1903: The Wright brothers patent their airplane, specifically the wing-warping control mechanism.
1912: Birth of German rocket scientist Wernher von Braun.
1928: Birth of James Lovell, one of the second group of astronauts selected for the US space program. He flew on Gemini 7 (first orbital rendezvous), commanded Gemini 12 (rendezvous, docking and three spacewalks from spacecraft to spacecraft, was Command Module Pilot for the dramatic flight of Apollo 8 (first to leave Earth’s gravitational field fist to orbit the Moon), and commanded the even more dramatic but ill-fated Apollo 13 (Service Module explosion, trans-lunar return via Lunar Module as a lifeboat).
1944: 76 Allied officers escape from Stalag Luft 3 (The Great Escape).
1947: President Harry Truman, in a move to prove he is not soft on communism, orders sweeping loyalty investigations on all federal employees.
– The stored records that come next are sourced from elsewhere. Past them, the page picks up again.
(* Let $n\ge5$, $1\le m\le n-1$ with $2m\neq n$, $a>0$, and let $\Gamma^{m,n}$ be the closed discrete curve $p_k=a(\cos(2\pi mk/n),\sin(2\pi mk/n))$, $k=0,\dots,n-1$, with $l_0:=|p_{k+1}-p_k|=2a|\sin(m\pi/n)|$. Let $(A,B)\in\mathbb{R}^2$ and $\psi_k=A\cos(2\pi k/n)+B\sin(2\pi k/n)$. Then $\sum_k\psi_k=0$, and for every $C^2$ family $p(t)$ of closed discrete curves with $p(0)=\Gamma^{m,n}$, $\mathrm{Vol}(p(t))$ constant and $p_k'(0)=\psi_kN_k$, \[ \frac{d^2}{dt^2}\Big|_{t=0}L(p(t))=\frac{4}{l_0}\Big[\sin^2\frac{\pi}{n}-\cos\frac{2\pi}{n}\tan^2\frac{m\pi}{n}\Big]\sum_k\psi_k^2 . \] This value is $\ge0$ if $m\in\{1,n-1\}$, and is $<0$ if $2\le m\le n-2$ and $(A,B)\ne(0,0)$.
   Context: A closed discrete curve is an $n$-tuple $(p_0,\dots,p_{n-1})$ of points of $\mathbb{R}^2$, indices modulo $n$, with $l_k:=|p_{k+1}-p_k|\ne0$ for all $k$. $R_\varphi$ denotes rotation of $\mathbb{R}^2$ by $\varphi$. Fix $R\in\{R_{\pi/2},R_{-\pi/2}\}$ and set $\sigma=+1$ if $R=R_{\pi/2}$, $\sigma=-1$ if $R=R_{-\pi/2}$. Edge normal $\nu_k:=R((p_{k+1}-p_k)/l_k)$. The signed angle $\theta_k\in(-\pi,\pi]$ at vertex $p_k$ is defined by $\nu_k=R_{\sigma\theta_k}\nu_{k-1}$. When $\theta_k\ne\pi$, the vertex normal is $N_k:=\dfrac{\nu_k+\nu_{k-1}}{1+\cos\theta_k}$. Length $L=\sum_k l_k$, area $\mathrm{Vol}=\frac12\sum_k\langle p_k,\nu_k\rangle l_k$. *)

theory Defs
  imports "HOL-Analysis.Analysis"
begin

text \<open>Points of the plane R^2 are represented as complex numbers (real and
imaginary part are the two coordinates; the inner product on complex is the
Euclidean one). A discrete curve with n vertices is a function
p :: nat => complex, of which only p 0, ..., p (n-1) matter; indices are
taken modulo n. The parameter sigma is +1 for R = R_{pi/2} and -1 for
R = R_{-pi/2}.\<close>

definition rot :: "real \<Rightarrow> complex \<Rightarrow> complex" where
  "rot \<phi> z = cis \<phi> * z"

definition closed_discrete_curve :: "nat \<Rightarrow> (nat \<Rightarrow> complex) \<Rightarrow> bool" where
  "closed_discrete_curve n p \<longleftrightarrow> n > 0 \<and> (\<forall>k<n. p (Suc k mod n) \<noteq> p k)"

definition edge_len :: "nat \<Rightarrow> (nat \<Rightarrow> complex) \<Rightarrow> nat \<Rightarrow> real" where
  "edge_len n p k = norm (p (Suc k mod n) - p (k mod n))"

definition edge_normal :: "real \<Rightarrow> nat \<Rightarrow> (nat \<Rightarrow> complex) \<Rightarrow> nat \<Rightarrow> complex" where
  "edge_normal \<sigma> n p k =
     rot (\<sigma> * pi / 2) ((p (Suc k mod n) - p (k mod n)) / of_real (edge_len n p k))"

definition prev_idx :: "nat \<Rightarrow> nat \<Rightarrow> nat" where
  "prev_idx n k = (k + n - 1) mod n"

definition signed_angle :: "real \<Rightarrow> nat \<Rightarrow> (nat \<Rightarrow> complex) \<Rightarrow> nat \<Rightarrow> real" where
  "signed_angle \<sigma> n p k =
     (THE \<theta>. -pi < \<theta> \<and> \<theta> \<le> pi \<and>
        edge_normal \<sigma> n p k = rot (\<sigma> * \<theta>) (edge_normal \<sigma> n p (prev_idx n k)))"

definition vertex_normal :: "real \<Rightarrow> nat \<Rightarrow> (nat \<Rightarrow> complex) \<Rightarrow> nat \<Rightarrow> complex" where
  "vertex_normal \<sigma> n p k =
     (1 / (1 + cos (signed_angle \<sigma> n p k))) *\<^sub>R
       (edge_normal \<sigma> n p k + edge_normal \<sigma> n p (prev_idx n k))"

definition curve_length :: "nat \<Rightarrow> (nat \<Rightarrow> complex) \<Rightarrow> real" where
  "curve_length n p = (\<Sum>k<n. edge_len n p k)"

definition curve_vol :: "real \<Rightarrow> nat \<Rightarrow> (nat \<Rightarrow> complex) \<Rightarrow> real" where
  "curve_vol \<sigma> n p = (1/2) * (\<Sum>k<n. (p k \<bullet> edge_normal \<sigma> n p k) * edge_len n p k)"

definition Gamma :: "real \<Rightarrow> nat \<Rightarrow> nat \<Rightarrow> nat \<Rightarrow> complex" where
  "Gamma a m n k = complex_of_real a * cis (2 * pi * real m * real k / real n)"

end

(* Write the vertices of Gamma^{m,n} as p_k = a u_k with unit vectors u_k = cis (2 pi m k / n),
   so that u_{k+1} = w u_k for the turn w = cis (2 beta), beta = m pi / n.  All edges have length
   l0 = 2 a sin beta, and the vertex normals are N_k = -sigma u_k / cos beta.  For the edge
   vectors E_k of p(t), the second derivative of the length is
   sum_k (|E_k'|^2 + E_k . E_k'') / l0 - (E_k . E_k')^2 / l0^3.  The unknown accelerations enter
   only through sum_k E_k . E_k'', which by summation by parts is a multiple of
   sum_k u_k . p_k''; the second derivative of the constant area contains the same quantity and
   thereby expresses it through sum_k psi_k psi_{k+1}.  Since psi is a first harmonic,
   sum_k psi_k psi_{k+1} = cos (2 pi / n) sum_k psi_k^2, which gives the stated value.  Its sign
   is that of sin^2 (pi/n) - cos (2 pi/n) tan^2 beta; for 2 <= m <= n - 2 one has
   |cos beta| <= cos (2 pi / n), hence tan^2 beta >= tan^2 (2 pi / n), which makes it negative. *)

theory Submission
  imports Defs
begin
1958: Private Elvis Presley is inducted into the Army.
1979: Egyptian President Anwar el-Sadat, Israeli Prime Minister Meacham Begin and U.S. President Jimmy Carter sign the Camp David Accords, the first formal peace treaty between Israel and an Arab state since the Jewish state’s founding in 1948.
1983: Death of Barney Clark, 112 days after becoming the world’s first artificial heart recipient. The operation was performed at the University of Utah with Dr. Robert Jarvik’s 7th model of the mechanical heart, powered by external compressed air.
1989: The tanker Exxon Valdez runs aground on Bligh Reef in Prince William Sound, releasing over 11,000,000 gallons of crude oil and contaminating over 1,300 miles of Alaskan coastline. The ship is later repaired and re-named Sea River Mediterranean and worked the Atlantic basin, being prohibited from calling in Alaska. On this date in 2012, she was sold for scrap; no little intentional irony in the selection of the closing date, I’m sure.
1999: First night of NATO bombing in the Yugoslavia campaign.
Kearn C SCHEMM says
We should not forget that Wernher Von Braun ended his life as an American citizen. Without his efforts and the efforts of other German immigrant scientists, it is likely that the USSR would have won the space race. We should thus view him as a German-American, one to whom our nation owes a huge debt.